▶ DATA EXCERPTS
definition pad_to :: "nat \<Rightarrow> nat list \<Rightarrow> nat list" where
  "pad_to L xs = replicate (L - length xs) 0 @ xs"

definition pair_word :: "nat \<Rightarrow> nat \<Rightarrow> nat \<Rightarrow> (nat \<times> nat) list" where
  "pair_word k n m =
     (let L = max (length (base_digits k n)) (length (base_digits k m))
      in zip (pad_to L (base_digits k n)) (pad_to L (base_digits k m)))"

definition k_synchronized :: "nat \<Rightarrow> (nat \<Rightarrow> nat) \<Rightarrow> bool" where
  "k_synchronized k f \<longleftrightarrow>
     (\<exists>(Q :: nat set) q0 (\<delta> :: nat \<Rightarrow> nat \<times> nat \<Rightarrow> nat) F.
        finite Q \<and> q0 \<in> Q \<and> F \<subseteq> Q \<and>
        (\<forall>q\<in>Q. \<forall>a<k. \<forall>b<k. \<delta> q (a, b) \<in> Q) \<and>
        (\<forall>w. set w \<subseteq> {(a, b). a < k \<and> b < k} \<longrightarrow>
             (foldl \<delta> q0 w \<in> F \<longleftrightarrow> (\<exists>n. w = pair_word k n (f n)))))"

definition g_seq :: "nat \<Rightarrow> nat \<Rightarrow> nat \<Rightarrow> nat" where
  "g_seq k l n = (if n = 0 then 1 else 1 + l ^ nat \<lfloor>log (real k) (real n)\<rfloor>)"

end

theory Submission
  imports Defs
begin

text \<open>If f is k-synchronized and the word (n, f n)_k starts with more zeros on one track than
  the automaton has states, the accepting run repeats a state inside that block of zeros; cutting
  out the loop yields a shorter accepted word (n', f n')_k with the same value on that track.
  For n = k^j we have g(n) = 1 + l^j. If k < l, the track of n carries unboundedly many
  leading zeros and the cut gives n' = n with a shorter word, which is absurd. If l < k, the track
  of g(n) does, and the cut gives g(n') = g(n) with n' having fewer digits than n, whereas
  g(n') = 1 + l^j forces n' to have exactly j + 1 digits. For k = l the second track of
  (n, g n)_k is 10...01 below a first track with nonzero leading digit, apart from three
  short exceptional words, and a five-state automaton recognises exactly these words.\<close>

declare base_digits.simps[simp del]

definition of_digits :: "nat \<Rightarrow> nat list \<Rightarrow> nat" where
  "of_digits k ds = foldl (\<lambda>acc d. acc * k + d) 0 ds"

lemma of_digits_Nil [simp]: "of_digits k [] = 0"
  by (simp add: of_digits_def)

lemma of_digits_snoc [simp]: "of_digits k (ds @ [d]) = of_digits k ds * k + d"
  by (simp add: of_digits_def)

lemma of_digits_single [simp]: "of_digits k [d] = d"
  by (simp add: of_digits_def)

lemma of_digits_eq_0_iff:
  "k > 0 \<Longrightarrow> of_digits k ds = 0 \<longleftrightarrow> (\<forall>d\<in>set ds. d = 0)"
  by (induction ds rule: rev_induct) auto

lemma of_digits_replicate_zero: "of_digits k (replicate r 0) = 0"
  by (induction r) (simp_all flip: replicate_append_same)

lemma of_digits_replicate_zero_append: "of_digits k (replicate r 0 @ ds) = of_digits k ds"
proof (induction ds rule: rev_induct)
  case (snoc d ds)
  then show ?case by (simp flip: append_assoc)
qed (simp add: of_digits_replicate_zero)

lemma of_digits_one_zeros: "of_digits k (1 # replicate r 0) = k ^ r"
proof (induction r)
  case (Suc r)
  have "of_digits k (1 # replicate (Suc r) 0) = of_digits k ((1 # replicate r 0) @ [0])"
    by (simp add: replicate_append_same)
  also have "\<dots> = k ^ Suc r"
    by (simp only: of_digits_snoc Suc.IH) simp
  finally show ?case .
qed simp

lemma base_digits_0 [simp]: "base_digits k 0 = []"
  by (simp add: base_digits.simps)

lemma base_digits_pos:
  "k \<ge> 2 \<Longrightarrow> n > 0 \<Longrightarrow> base_digits k n = base_digits k (n div k) @ [n mod k]"
  by (subst base_digits.simps) auto

lemma base_digits_single: "k \<ge> 2 \<Longrightarrow> 0 < d \<Longrightarrow> d < k \<Longrightarrow> base_digits k d = [d]"
  by (simp add: base_digits_pos)

lemma of_digits_base_digits: "k \<ge> 2 \<Longrightarrow> of_digits k (base_digits k n) = n"
proof (induction k n rule: base_digits.induct)
  case (1 k n)
  then show ?case by (cases "n = 0") (simp_all add: base_digits_pos)
qed

lemma base_digits_less: "k \<ge> 2 \<Longrightarrow> d \<in> set (base_digits k n) \<Longrightarrow> d < k"
proof (induction k n rule: base_digits.induct)
  case (1 k n)
  then show ?case by (cases "n = 0") (auto simp: base_digits_pos)
qed

abbreviation ndigits :: "nat \<Rightarrow> nat \<Rightarrow> nat" where
  "ndigits k n \<equiv> length (base_digits k n)"

lemma ndigits_le_iff: "k \<ge> 2 \<Longrightarrow> ndigits k n \<le> d \<longleftrightarrow> n < k ^ d"
proof (induction k n arbitrary: d rule: base_digits.induct)
  case (1 k n)
  show ?case
  proof (cases "n = 0")
    case False
    show ?thesis
    proof (cases d)
      case (Suc d')
      with 1 False show ?thesis by (simp add: base_digits_pos div_less_iff_less_mult mult.commute)
    qed (use 1 False in \<open>simp add: base_digits_pos\<close>)
  qed (use 1 in simp)
qed

lemma ndigits_pow: "k \<ge> 2 \<Longrightarrow> ndigits k (k ^ j) = Suc j"
  using ndigits_le_iff[of k "k ^ j" j] ndigits_le_iff[of k "k ^ j" "Suc j"] by simp

lemma pow_ndigits_le: "k \<ge> 2 \<Longrightarrow> n > 0 \<Longrightarrow> k ^ (ndigits k n - 1) \<le> n"
  using ndigits_le_iff[of k n "ndigits k n - 1"] base_digits_pos[of k n] by simp

lemma hd_base_digits: "k \<ge> 2 \<Longrightarrow> n > 0 \<Longrightarrow> hd (base_digits k n) \<noteq> 0"
proof (induction k n rule: base_digits.induct)
  case (1 k n)
  show ?case
  proof (cases "n < k")
    case True
    with 1 show ?thesis by (simp add: base_digits_single)
  next
    case False
    with 1 have "n div k > 0" "base_digits k (n div k) \<noteq> []"
      by (auto simp: base_digits_pos div_greater_zero_iff)
    with 1 show ?thesis by (simp add: base_digits_pos[of k n])
  qed
qed

lemma base_digits_of_digits:
  assumes "k \<ge> 2" "\<forall>d\<in>set ds. d < k" "ds = [] \<or> hd ds \<noteq> 0"
  shows "base_digits k (of_digits k ds) = ds"
  using assms(2,3)
proof (induction ds rule: rev_induct)
  case (snoc d ds)
  show ?case
  proof (cases "ds = []")
    case True
    with snoc assms(1) show ?thesis by (simp add: base_digits_single)
  next
    case False
    with snoc have "hd ds \<in> set ds" "hd ds \<noteq> 0"
      by simp_all
    with assms(1) have "of_digits k ds \<noteq> 0"
      using of_digits_eq_0_iff[of k ds] by auto
    with snoc assms(1) False show ?thesis by (simp add: base_digits_pos)
  qed
qed simp

lemma g_seq_pos:
  assumes "k \<ge> 2" "n > 0"
  shows "g_seq k l n = 1 + l ^ (ndigits k n - 1)"
proof -
  have "ndigits k n > 0"
    using assms by (simp add: base_digits_pos)
  then have "n < k ^ (ndigits k n - 1 + 1)"
    using ndigits_le_iff[OF assms(1), of n "ndigits k n"] by simp
  then have "\<lfloor>log (real k) (real n)\<rfloor> = int (ndigits k n - 1)"
    by (rule floor_log_nat_eq_if[OF pow_ndigits_le[OF assms] _ assms(1)])
  with assms show ?thesis by (simp add: g_seq_def)
qed

lemma length_pair_word: "length (pair_word k n m) = max (ndigits k n) (ndigits k m)"
  by (simp add: pair_word_def pad_to_def Let_def)

lemma map_fst_pair_word:
  "map fst (pair_word k n m) = replicate (ndigits k m - ndigits k n) 0 @ base_digits k n"
  by (simp add: pair_word_def pad_to_def Let_def max_def)

lemma map_snd_pair_word:
  "map snd (pair_word k n m) = replicate (ndigits k n - ndigits k m) 0 @ base_digits k m"
  by (simp add: pair_word_def pad_to_def Let_def max_def)

lemma of_digits_fst_pair_word: "k \<ge> 2 \<Longrightarrow> of_digits k (map fst (pair_word k n m)) = n"
  by (simp add: map_fst_pair_word of_digits_replicate_zero_append of_digits_base_digits)

lemma of_digits_snd_pair_word: "k \<ge> 2 \<Longrightarrow> of_digits k (map snd (pair_word k n m)) = m"
  by (simp add: map_snd_pair_word of_digits_replicate_zero_append of_digits_base_digits)

lemma pair_word_in_alphabet:
  assumes "k \<ge> 2"
  shows "set (pair_word k n m) \<subseteq> {(a, b). a < k \<and> b < k}"
proof
  fix p assume "p \<in> set (pair_word k n m)"
  then have "fst p \<in> set (map fst (pair_word k n m))" "snd p \<in> set (map snd (pair_word k n m))"
    by simp_all
  then have "fst p < k" "snd p < k"
    using assms base_digits_less[OF assms] by (auto simp: map_fst_pair_word map_snd_pair_word)
  then show "p \<in> {(a, b). a < k \<and> b < k}"
    by (cases p) simp
qed

lemma pair_word_same_ndigits:
  "ndigits k n = ndigits k m \<Longrightarrow> pair_word k n m = zip (base_digits k n) (base_digits k m)"
  by (simp add: pair_word_def pad_to_def)

lemma foldl_closed:
  "(\<And>q x. q \<in> Q \<Longrightarrow> x \<in> A \<Longrightarrow> \<delta> q x \<in> Q) \<Longrightarrow> q \<in> Q \<Longrightarrow> set w \<subseteq> A \<Longrightarrow> foldl \<delta> q w \<in> Q"
  by (induction w arbitrary: q) auto

lemma foldl_pumping_down:
  assumes "finite Q" "q \<in> Q" "\<And>q x. q \<in> Q \<Longrightarrow> x \<in> A \<Longrightarrow> \<delta> q x \<in> Q"
    and "set w \<subseteq> A" "card Q \<le> length w"
  obtains i j where "i < j" "j \<le> card Q" "foldl \<delta> q (take i w @ drop j w) = foldl \<delta> q w"
proof -
  define s where "s i = foldl \<delta> q (take i w)" for i
  have "s i \<in> Q" for i
    unfolding s_def using assms(4) set_take_subset[of i w]
    by (intro foldl_closed[OF assms(3,2)]) auto
  then have "s ` {0..card Q} \<subseteq> Q"
    by blast
  moreover have "\<not> card {0..card Q} \<le> card Q"
    by simp
  ultimately have "\<not> inj_on s {0..card Q}"
    using card_inj_on_le assms(1) by blast
  then obtain i j where "i \<in> {0..card Q}" "j \<in> {0..card Q}" "i \<noteq> j" "s i = s j"
    unfolding inj_on_def by blast
  then obtain i j where ij: "i < j" "j \<le> card Q" "s i = s j"
    by (metis atLeastAtMost_iff linorder_neqE_nat)
  have "foldl \<delta> q (take i w @ drop j w) = foldl \<delta> (s j) (drop j w)"
    using ij(3) by (simp add: s_def)
  also have "\<dots> = foldl \<delta> q w"
    by (simp add: s_def flip: foldl_append)
  finally show ?thesis
    using that ij(1,2) by blast
qed

lemma k_synchronized_pumping:
  assumes "k \<ge> 2" "k_synchronized k f"
  obtains N where "\<And>n (proj :: nat \<times> nat \<Rightarrow> nat).
      N \<le> length (pair_word k n (f n)) \<Longrightarrow>
      take N (map proj (pair_word k n (f n))) = replicate N 0 \<Longrightarrow>
      \<exists>n'. length (pair_word k n' (f n')) < length (pair_word k n (f n)) \<and>
        of_digits k (map proj (pair_word k n' (f n'))) = of_digits k (map proj (pair_word k n (f n)))"
proof -
  let ?A = "{(a, b). a < k \<and> b < k}"
  obtain Q q0 \<delta> F where Q: "finite (Q :: nat set)" "q0 \<in> Q"
    and closed': "\<forall>q\<in>Q. \<forall>a<k. \<forall>b<k. \<delta> q (a, b) \<in> Q"
    and accepts': "\<forall>w. set w \<subseteq> ?A \<longrightarrow> (foldl \<delta> q0 w \<in> F \<longleftrightarrow> (\<exists>n. w = pair_word k n (f n)))"
    using assms(2) unfolding k_synchronized_def by blast
  have closed: "\<And>q x. q \<in> Q \<Longrightarrow> x \<in> ?A \<Longrightarrow> \<delta> q x \<in> Q"
    using closed' by auto
  have accepts: "\<And>w. set w \<subseteq> ?A \<Longrightarrow> foldl \<delta> q0 w \<in> F \<longleftrightarrow> (\<exists>n. w = pair_word k n (f n))"
    using accepts' by blast
  show ?thesis
  proof (rule that[of "card Q"])
    fix n and proj :: "nat \<times> nat \<Rightarrow> nat"
    define w where "w = pair_word k n (f n)"
    assume long: "card Q \<le> length (pair_word k n (f n))"
      and zeros: "take (card Q) (map proj (pair_word k n (f n))) = replicate (card Q) 0"
    have w_in: "set w \<subseteq> ?A"
      unfolding w_def by (rule pair_word_in_alphabet[OF assms(1)])
    obtain i j where ij: "i < j" "j \<le> card Q"
      and same_state: "foldl \<delta> q0 (take i w @ drop j w) = foldl \<delta> q0 w"
      by (rule foldl_pumping_down[OF Q closed w_in long[folded w_def]])
    have "set (take i w @ drop j w) \<subseteq> ?A"
      using w_in set_take_subset[of i w] set_drop_subset[of j w] by auto
    moreover have "foldl \<delta> q0 w \<in> F"
      using accepts[OF w_in] w_def by blast
    ultimately obtain n' where n': "pair_word k n' (f n') = take i w @ drop j w"
      using accepts same_state by metis
    have "length (take i w @ drop j w) < length w"
      using ij long unfolding w_def by simp
    have zero_prefix: "take r (map proj w) = replicate r 0" if "r \<le> card Q" for r
    proof -
      have "take r (map proj w) = take r (take (card Q) (map proj w))"
        using that by simp
      with zeros show ?thesis
        unfolding w_def using that by simp
    qed
    have "map proj (take i w @ drop j w) = replicate i 0 @ map proj (drop j w)"
      using zero_prefix[of i] ij by (simp flip: take_map)
    moreover have "map proj w = replicate j 0 @ map proj (drop j w)"
      using zero_prefix[of j] ij append_take_drop_id[of j "map proj w"] by (simp flip: drop_map)
    ultimately show "\<exists>n'. length (pair_word k n' (f n')) < length (pair_word k n (f n)) \<and>
        of_digits k (map proj (pair_word k n' (f n'))) = of_digits k (map proj (pair_word k n (f n)))"
      using n' \<open>length (take i w @ drop j w) < length w\<close>
      unfolding w_def by (metis of_digits_replicate_zero_append)
  qed
qed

▶ AIM OF THE EXERCISE
Return exactly, and only, the lines above starting at the line that contains "foldl \<delta> (s" and ending at the line that contains "obtain Q q0".

▶ RESULT BELOW
  have "foldl \<delta> q (take i w @ drop j w) = foldl \<delta> (s j) (drop j w)"
    using ij(3) by (simp add: s_def)
  also have "\<dots> = foldl \<delta> q w"
    by (simp add: s_def flip: foldl_append)
  finally show ?thesis
    using that ij(1,2) by blast
qed

lemma k_synchronized_pumping:
  assumes "k \<ge> 2" "k_synchronized k f"
  obtains N where "\<And>n (proj :: nat \<times> nat \<Rightarrow> nat).
      N \<le> length (pair_word k n (f n)) \<Longrightarrow>
      take N (map proj (pair_word k n (f n))) = replicate N 0 \<Longrightarrow>
      \<exists>n'. length (pair_word k n' (f n')) < length (pair_word k n (f n)) \<and>
        of_digits k (map proj (pair_word k n' (f n'))) = of_digits k (map proj (pair_word k n (f n)))"
proof -
  let ?A = "{(a, b). a < k \<and> b < k}"
  obtain Q q0 \<delta> F where Q: "finite (Q :: nat set)" "q0 \<in> Q"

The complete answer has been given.